Start of RECORDS FOR THIS EXERCISE

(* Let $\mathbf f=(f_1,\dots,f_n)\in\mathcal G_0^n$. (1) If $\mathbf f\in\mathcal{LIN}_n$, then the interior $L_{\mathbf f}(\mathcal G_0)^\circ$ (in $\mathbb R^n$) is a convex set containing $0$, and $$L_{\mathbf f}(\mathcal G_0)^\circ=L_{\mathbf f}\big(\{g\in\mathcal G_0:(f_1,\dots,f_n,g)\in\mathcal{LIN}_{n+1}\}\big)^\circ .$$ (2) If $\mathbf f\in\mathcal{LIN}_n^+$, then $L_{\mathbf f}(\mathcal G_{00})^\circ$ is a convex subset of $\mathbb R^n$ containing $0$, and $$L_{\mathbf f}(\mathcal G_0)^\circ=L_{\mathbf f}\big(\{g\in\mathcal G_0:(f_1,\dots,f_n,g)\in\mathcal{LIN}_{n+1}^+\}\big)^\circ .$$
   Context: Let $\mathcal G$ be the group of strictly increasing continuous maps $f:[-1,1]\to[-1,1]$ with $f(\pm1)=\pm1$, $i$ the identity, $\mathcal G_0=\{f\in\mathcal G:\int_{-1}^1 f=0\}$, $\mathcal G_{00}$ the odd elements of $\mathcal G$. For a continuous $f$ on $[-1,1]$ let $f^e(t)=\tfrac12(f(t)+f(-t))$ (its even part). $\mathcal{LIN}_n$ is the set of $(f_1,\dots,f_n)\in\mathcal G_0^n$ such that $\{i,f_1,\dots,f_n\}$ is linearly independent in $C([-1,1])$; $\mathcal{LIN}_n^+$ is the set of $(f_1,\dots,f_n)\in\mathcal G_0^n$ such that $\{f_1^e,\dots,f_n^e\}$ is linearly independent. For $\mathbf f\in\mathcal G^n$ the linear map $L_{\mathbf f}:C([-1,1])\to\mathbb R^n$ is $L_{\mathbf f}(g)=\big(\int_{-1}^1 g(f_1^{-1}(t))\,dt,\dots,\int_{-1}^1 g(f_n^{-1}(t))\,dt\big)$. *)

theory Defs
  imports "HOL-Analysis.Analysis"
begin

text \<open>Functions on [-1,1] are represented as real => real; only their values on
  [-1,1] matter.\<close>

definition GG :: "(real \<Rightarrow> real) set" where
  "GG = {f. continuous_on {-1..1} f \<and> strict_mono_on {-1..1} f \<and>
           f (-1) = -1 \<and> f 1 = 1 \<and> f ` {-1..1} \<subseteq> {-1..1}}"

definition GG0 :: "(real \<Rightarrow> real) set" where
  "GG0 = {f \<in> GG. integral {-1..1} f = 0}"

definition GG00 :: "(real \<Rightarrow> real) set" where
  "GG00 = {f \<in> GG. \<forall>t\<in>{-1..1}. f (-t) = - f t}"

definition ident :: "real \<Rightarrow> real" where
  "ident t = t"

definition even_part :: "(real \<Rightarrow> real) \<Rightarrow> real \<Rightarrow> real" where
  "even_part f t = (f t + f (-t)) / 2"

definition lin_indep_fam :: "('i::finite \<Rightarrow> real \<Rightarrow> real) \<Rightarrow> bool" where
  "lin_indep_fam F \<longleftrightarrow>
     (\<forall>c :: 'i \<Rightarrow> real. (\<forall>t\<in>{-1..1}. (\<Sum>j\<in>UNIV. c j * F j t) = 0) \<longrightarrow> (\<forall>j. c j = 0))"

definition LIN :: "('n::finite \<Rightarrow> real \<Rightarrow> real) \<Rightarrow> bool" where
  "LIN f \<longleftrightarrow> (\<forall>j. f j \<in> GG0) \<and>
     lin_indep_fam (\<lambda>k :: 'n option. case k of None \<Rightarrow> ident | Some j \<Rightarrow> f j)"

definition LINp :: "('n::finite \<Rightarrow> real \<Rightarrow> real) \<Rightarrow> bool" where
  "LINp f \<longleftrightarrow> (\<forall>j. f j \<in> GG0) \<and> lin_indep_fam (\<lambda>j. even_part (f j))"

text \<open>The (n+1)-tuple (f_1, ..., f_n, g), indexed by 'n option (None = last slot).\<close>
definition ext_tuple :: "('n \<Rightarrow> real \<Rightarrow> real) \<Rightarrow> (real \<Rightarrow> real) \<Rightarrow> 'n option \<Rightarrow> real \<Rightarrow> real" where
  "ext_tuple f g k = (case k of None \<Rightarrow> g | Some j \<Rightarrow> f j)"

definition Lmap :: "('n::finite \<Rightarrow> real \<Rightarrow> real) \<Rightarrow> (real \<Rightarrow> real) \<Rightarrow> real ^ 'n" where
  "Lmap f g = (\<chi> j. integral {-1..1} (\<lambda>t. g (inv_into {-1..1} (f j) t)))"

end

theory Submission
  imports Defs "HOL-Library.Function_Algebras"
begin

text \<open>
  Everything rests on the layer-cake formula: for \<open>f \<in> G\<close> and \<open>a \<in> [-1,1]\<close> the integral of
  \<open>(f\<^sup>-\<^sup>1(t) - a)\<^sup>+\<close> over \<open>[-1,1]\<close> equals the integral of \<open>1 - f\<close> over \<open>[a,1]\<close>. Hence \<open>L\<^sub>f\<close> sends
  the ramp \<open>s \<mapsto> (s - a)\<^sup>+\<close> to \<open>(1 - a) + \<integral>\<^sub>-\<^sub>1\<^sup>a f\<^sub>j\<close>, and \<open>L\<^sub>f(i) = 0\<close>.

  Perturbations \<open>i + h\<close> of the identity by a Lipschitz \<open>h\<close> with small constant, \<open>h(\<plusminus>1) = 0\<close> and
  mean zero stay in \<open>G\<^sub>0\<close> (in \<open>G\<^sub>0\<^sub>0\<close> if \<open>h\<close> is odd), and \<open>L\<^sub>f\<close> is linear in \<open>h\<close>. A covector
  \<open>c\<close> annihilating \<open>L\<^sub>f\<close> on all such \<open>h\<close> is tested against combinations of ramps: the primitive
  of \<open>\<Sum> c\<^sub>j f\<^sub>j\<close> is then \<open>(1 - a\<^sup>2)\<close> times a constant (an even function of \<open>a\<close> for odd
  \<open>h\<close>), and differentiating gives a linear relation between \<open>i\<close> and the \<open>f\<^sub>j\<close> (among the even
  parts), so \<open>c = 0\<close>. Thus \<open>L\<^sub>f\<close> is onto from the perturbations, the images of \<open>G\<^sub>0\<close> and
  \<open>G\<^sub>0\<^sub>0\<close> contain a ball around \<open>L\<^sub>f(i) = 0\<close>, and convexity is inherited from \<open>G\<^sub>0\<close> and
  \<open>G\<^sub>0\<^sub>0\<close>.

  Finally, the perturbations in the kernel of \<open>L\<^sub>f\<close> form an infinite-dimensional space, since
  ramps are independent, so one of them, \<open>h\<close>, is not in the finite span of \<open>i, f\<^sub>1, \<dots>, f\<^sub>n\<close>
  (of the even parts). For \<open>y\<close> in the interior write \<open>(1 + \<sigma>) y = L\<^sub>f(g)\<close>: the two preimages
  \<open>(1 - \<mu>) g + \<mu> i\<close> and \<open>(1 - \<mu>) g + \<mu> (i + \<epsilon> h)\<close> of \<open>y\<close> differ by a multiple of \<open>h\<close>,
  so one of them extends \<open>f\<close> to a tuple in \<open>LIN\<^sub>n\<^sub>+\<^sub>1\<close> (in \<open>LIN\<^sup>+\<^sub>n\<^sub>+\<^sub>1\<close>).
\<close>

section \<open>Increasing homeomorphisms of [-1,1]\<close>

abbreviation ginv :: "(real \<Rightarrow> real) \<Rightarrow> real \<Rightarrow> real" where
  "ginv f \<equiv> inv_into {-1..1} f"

End of RECORDS FOR THIS EXERCISE

ACTIVITY:
Say how many lines in the records hold the word "definition", giving the number by itself.

RESPONSE AREA:
10